◆ **PROBLEM TO SOLVE**
From the line containing "n \<mu> (b 0)" down to the line containing "fix x y u v" in the records below, reproduce every line exactly, ends included, and omit all others.

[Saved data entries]

text \<open>
  Since v_ij has entries min (a_ik) (a_ij), a row of a point of Q is the vector of
  values at the breakpoints of x \<mapsto> E min(x, a_iJ) for a random breakpoint index J, and its
  slopes Z are the tail probabilities of J. Because phibar only reads the last column, concQ is
  antitone on points of Q with a common last column: if s \<le> s', the law of J for s is a
  mean-preserving spread of the law for s' (convex order on a finite grid), and a martingale
  kernel realising the spread (Strassen) transports every convex decomposition of s' into one of s
  with the same last columns. Within Q and for the fixed last column, each of the three constraint
  sets consists exactly of the points lying above a lower bound U (the bar, hat and max bounds); for
  (Inc-1) this is because \<delta>_it \<in> {0, 1} forces the row to agree with a_i up to \<tau>(i,t) or to be
  constant from \<tau>(i,t) on. The least point of Q above U is the rowwise concave envelope of
  \<xi>(.; U) at the breakpoints, so every supremum is attained there.
\<close>

section \<open>Distributions on a grid and the rows of Q\<close>

definition is_prob_vec :: "nat \<Rightarrow> (nat \<Rightarrow> real) \<Rightarrow> bool" where
  "is_prob_vec n \<mu> \<longleftrightarrow> (\<forall>j\<le>n. 0 \<le> \<mu> j) \<and> (\<Sum>j\<le>n. \<mu> j) = 1"

definition expected_min :: "(nat \<Rightarrow> real) \<Rightarrow> nat \<Rightarrow> (nat \<Rightarrow> real) \<Rightarrow> real \<Rightarrow> real" where
  "expected_min b n \<mu> x = (\<Sum>j\<le>n. \<mu> j * min x (b j))"

definition tail_mass :: "nat \<Rightarrow> (nat \<Rightarrow> real) \<Rightarrow> nat \<Rightarrow> real" where
  "tail_mass n \<mu> k = (\<Sum>j=k..n. \<mu> j)"

definition row_of_distr :: "(nat \<Rightarrow> real) \<Rightarrow> nat \<Rightarrow> (nat \<Rightarrow> real) \<Rightarrow> (nat \<Rightarrow> real) \<Rightarrow> bool" where
  "row_of_distr b n \<mu> t \<longleftrightarrow> is_prob_vec n \<mu> \<and> (\<forall>k\<le>n. t k = expected_min b n \<mu> (b k))"

definition grid_slope :: "(nat \<Rightarrow> real) \<Rightarrow> (nat \<Rightarrow> real) \<Rightarrow> nat \<Rightarrow> real" where
  "grid_slope b t j = (if j = 0 then 1 else (t j - t (j - 1)) / (b j - b (j - 1)))"

lemma strict_mono_on_atMost_SucI:
  fixes b :: "nat \<Rightarrow> 'a::order"
  assumes "\<And>j. j < n \<Longrightarrow> b j < b (Suc j)"
  shows "strict_mono_on {..n} b"
proof (rule strict_mono_onI)
  fix r s assume "r \<in> {..n}" "s \<in> {..n}" "r < s"
  then show "b r < b s"
  proof (induction s)
    case (Suc s)
    have "b s < b (Suc s)" using assms Suc.prems by simp
    then show ?case using Suc by (cases "r = s") (auto intro: less_trans)
  qed simp
qed

lemma prob_vec_sum_cmult: "is_prob_vec n \<mu> \<Longrightarrow> (\<Sum>j\<le>n. \<mu> j * x) = x"
  by (simp add: is_prob_vec_def flip: sum_distrib_right)

lemma expected_min_eq_self:
  assumes "is_prob_vec n \<mu>" "\<And>j. j \<le> n \<Longrightarrow> \<mu> j \<noteq> 0 \<Longrightarrow> x \<le> b j"
  shows "expected_min b n \<mu> x = x"
proof -
  have "expected_min b n \<mu> x = (\<Sum>j\<le>n. \<mu> j * x)"
    unfolding expected_min_def using assms(2) by (intro sum.cong refl) (fastforce simp: min_def)
  then show ?thesis using prob_vec_sum_cmult[OF assms(1)] by simp
qed

lemma expected_min_eq_mean:
  assumes "\<And>j. j \<le> n \<Longrightarrow> \<mu> j \<noteq> 0 \<Longrightarrow> b j \<le> x"
  shows "expected_min b n \<mu> x = (\<Sum>j\<le>n. \<mu> j * b j)"
  unfolding expected_min_def using assms by (intro sum.cong refl) (fastforce simp: min_def)

lemma expected_min_bottom:
  assumes "is_prob_vec n \<mu>" "strict_mono_on {..n} b"
  shows "expected_min b n \<mu> (b 0) = b 0"
  using assms by (intro expected_min_eq_self) (auto intro: strict_mono_on_leD)

lemma expected_min_top:
  assumes "strict_mono_on {..n} b"
  shows "expected_min b n \<mu> (b n) = (\<Sum>j\<le>n. \<mu> j * b j)"
  using assms by (intro expected_min_eq_mean) (auto intro: strict_mono_on_leD)

lemma expected_min_le:
  assumes "is_prob_vec n \<mu>"
  shows "expected_min b n \<mu> x \<le> x"
proof -
  have "expected_min b n \<mu> x \<le> (\<Sum>j\<le>n. \<mu> j * x)"
    unfolding expected_min_def using assms by (intro sum_mono mult_left_mono) (auto simp: is_prob_vec_def)
  then show ?thesis by (simp add: prob_vec_sum_cmult[OF assms])
qed

lemma expected_min_mono:
  "is_prob_vec n \<mu> \<Longrightarrow> x \<le> y \<Longrightarrow> expected_min b n \<mu> x \<le> expected_min b n \<mu> y"
  unfolding expected_min_def is_prob_vec_def by (intro sum_mono mult_left_mono) auto

lemma expected_min_diff_le:
  assumes "is_prob_vec n \<mu>" "x \<le> y"
  shows "expected_min b n \<mu> y - expected_min b n \<mu> x \<le> y - x"
proof -
  have "expected_min b n \<mu> y - expected_min b n \<mu> x = (\<Sum>j\<le>n. \<mu> j * (min y (b j) - min x (b j)))"
    unfolding expected_min_def by (simp add: sum_subtractf right_diff_distrib)
  also have "\<dots> \<le> (\<Sum>j\<le>n. \<mu> j * (y - x))"
    using assms by (intro sum_mono mult_left_mono) (auto simp: is_prob_vec_def)
  finally show ?thesis by (simp add: prob_vec_sum_cmult[OF assms(1)])
qed

lemma concave_on_expected_min:
  assumes "is_prob_vec n \<mu>" "convex S"
  shows "concave_on S (expected_min b n \<mu>)"
  unfolding concave_on_iff
proof (intro conjI ballI allI impI)
  show "convex S" by fact
next
  fix x y u v :: real assume uv: "0 \<le> u" "0 \<le> v" "u + v = 1"
  have "u * min x c + v * min y c \<le> min (u * x + v * y) c" for c
  proof -
    have "u * min x c \<le> u * x" "v * min y c \<le> v * y" "u * min x c \<le> u * c" "v * min y c \<le> v * c"
      using uv by (auto intro: mult_left_mono)
    moreover have "u * c + v * c = c" using uv by (simp flip: distrib_right)
    ultimately show ?thesis by simp
  qed
  then have "(\<Sum>j\<le>n. \<mu> j * (u * min x (b j) + v * min y (b j))) \<le> expected_min b n \<mu> (u * x + v * y)"
    unfolding expected_min_def using assms by (intro sum_mono mult_left_mono) (auto simp: is_prob_vec_def)
  then show "u * expected_min b n \<mu> x + v * expected_min b n \<mu> y \<le> expected_min b n \<mu> (u *\<^sub>R x + v *\<^sub>R y)"
    by (simp add: expected_min_def sum_distrib_left sum.distrib algebra_simps)
qed

lemma expected_min_mixture:
  "expected_min b n (\<lambda>m. \<Sum>k\<in>K. c k * \<nu> k m) x = (\<Sum>k\<in>K. c k * expected_min b n (\<nu> k) x)"
  unfolding expected_min_def sum_distrib_left sum_distrib_right by (subst sum.swap) (simp add: mult.assoc)

lemma expected_min_cong: "(\<And>m. m \<le> n \<Longrightarrow> \<mu> m = \<nu> m) \<Longrightarrow> expected_min b n \<mu> x = expected_min b n \<nu> x"
  unfolding expected_min_def by (intro sum.cong) auto

lemma expected_min_step:
  assumes b: "strict_mono_on {..n} b" and k: "k < n"
  shows "expected_min b n \<mu> (b (Suc k)) - expected_min b n \<mu> (b k) = tail_mass n \<mu> (Suc k) * (b (Suc k) - b k)"
proof -
  have "\<mu> j * (min (b (Suc k)) (b j) - min (b k) (b j))
      = (if j \<in> {Suc k..n} then \<mu> j * (b (Suc k) - b k) else 0)" if "j \<le> n" for j
  proof (cases "Suc k \<le> j")
    case True
    then have "b (Suc k) \<le> b j" "b k \<le> b j" using strict_mono_on_leD[OF b] that k by auto
    then show ?thesis using True that by (simp add: min_def)
  next
    case False
    then have "b j \<le> b k" "b j \<le> b (Suc k)" using strict_mono_on_leD[OF b] that k by auto
    then show ?thesis using False by (simp add: min_def)
  qed
  then have "expected_min b n \<mu> (b (Suc k)) - expected_min b n \<mu> (b k)
      = (\<Sum>j\<le>n. if j \<in> {Suc k..n} then \<mu> j * (b (Suc k) - b k) else 0)"
    unfolding expected_min_def sum_subtractf[symmetric] right_diff_distrib[symmetric]
    by (intro sum.cong) auto
  also have "\<dots> = (\<Sum>j=Suc k..n. \<mu> j * (b (Suc k) - b k))"
    by (subst sum.inter_restrict[symmetric]) (simp_all add: Int_absorb1 subset_eq)
  finally show ?thesis by (simp add: tail_mass_def sum_distrib_right)
qed

lemma tail_mass_Suc: "k \<le> n \<Longrightarrow> tail_mass n \<mu> k = \<mu> k + tail_mass n \<mu> (Suc k)"
  unfolding tail_mass_def by (simp add: sum.atLeast_Suc_atMost)

lemma tail_mass_0: "is_prob_vec n \<mu> \<Longrightarrow> tail_mass n \<mu> 0 = 1"
  unfolding tail_mass_def is_prob_vec_def by (simp add: atLeast0AtMost)

lemma tail_mass_nonneg: "is_prob_vec n \<mu> \<Longrightarrow> 0 \<le> tail_mass n \<mu> k"
  unfolding tail_mass_def is_prob_vec_def by (auto intro: sum_nonneg)

lemma tail_mass_antimono: "is_prob_vec n \<mu> \<Longrightarrow> j \<le> k \<Longrightarrow> tail_mass n \<mu> k \<le> tail_mass n \<mu> j"
  unfolding tail_mass_def is_prob_vec_def by (intro sum_mono2) auto

lemma tail_mass_le_1: "is_prob_vec n \<mu> \<Longrightarrow> tail_mass n \<mu> k \<le> 1"
  using tail_mass_antimono[of n \<mu> 0 k] tail_mass_0 by auto

lemma tail_mass_ge_1_imp_zero:
  assumes "is_prob_vec n \<mu>" "1 \<le> tail_mass n \<mu> p" "m < p" "m \<le> n"
  shows "\<mu> m = 0"
proof -
  have "(\<Sum>j\<le>n. \<mu> j) = (\<Sum>j\<in>{..n} - {p..n}. \<mu> j) + tail_mass n \<mu> p"
    unfolding tail_mass_def by (subst sum.subset_diff[of "{p..n}"]) auto
  then have "(\<Sum>j\<in>{..n} - {p..n}. \<mu> j) = 0"
    using assms(1,2) sum_nonneg[of "{..n} - {p..n}" \<mu>] by (auto simp: is_prob_vec_def)
  moreover have "m \<in> {..n} - {p..n}" using assms(3,4) by auto
  ultimately show ?thesis using assms(1) by (subst (asm) sum_nonneg_eq_0_iff) (auto simp: is_prob_vec_def)
qed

◆ **EXERCISE RESULT**
  shows "expected_min b n \<mu> (b 0) = b 0"
  using assms by (intro expected_min_eq_self) (auto intro: strict_mono_on_leD)

lemma expected_min_top:
  assumes "strict_mono_on {..n} b"
  shows "expected_min b n \<mu> (b n) = (\<Sum>j\<le>n. \<mu> j * b j)"
  using assms by (intro expected_min_eq_mean) (auto intro: strict_mono_on_leD)

lemma expected_min_le:
  assumes "is_prob_vec n \<mu>"
  shows "expected_min b n \<mu> x \<le> x"
proof -
  have "expected_min b n \<mu> x \<le> (\<Sum>j\<le>n. \<mu> j * x)"
    unfolding expected_min_def using assms by (intro sum_mono mult_left_mono) (auto simp: is_prob_vec_def)
  then show ?thesis by (simp add: prob_vec_sum_cmult[OF assms])
qed

lemma expected_min_mono:
  "is_prob_vec n \<mu> \<Longrightarrow> x \<le> y \<Longrightarrow> expected_min b n \<mu> x \<le> expected_min b n \<mu> y"
  unfolding expected_min_def is_prob_vec_def by (intro sum_mono mult_left_mono) auto

lemma expected_min_diff_le:
  assumes "is_prob_vec n \<mu>" "x \<le> y"
  shows "expected_min b n \<mu> y - expected_min b n \<mu> x \<le> y - x"
proof -
  have "expected_min b n \<mu> y - expected_min b n \<mu> x = (\<Sum>j\<le>n. \<mu> j * (min y (b j) - min x (b j)))"
    unfolding expected_min_def by (simp add: sum_subtractf right_diff_distrib)
  also have "\<dots> \<le> (\<Sum>j\<le>n. \<mu> j * (y - x))"
    using assms by (intro sum_mono mult_left_mono) (auto simp: is_prob_vec_def)
  finally show ?thesis by (simp add: prob_vec_sum_cmult[OF assms(1)])
qed

lemma concave_on_expected_min:
  assumes "is_prob_vec n \<mu>" "convex S"
  shows "concave_on S (expected_min b n \<mu>)"
  unfolding concave_on_iff
proof (intro conjI ballI allI impI)
  show "convex S" by fact
next
  fix x y u v :: real assume uv: "0 \<le> u" "0 \<le> v" "u + v = 1"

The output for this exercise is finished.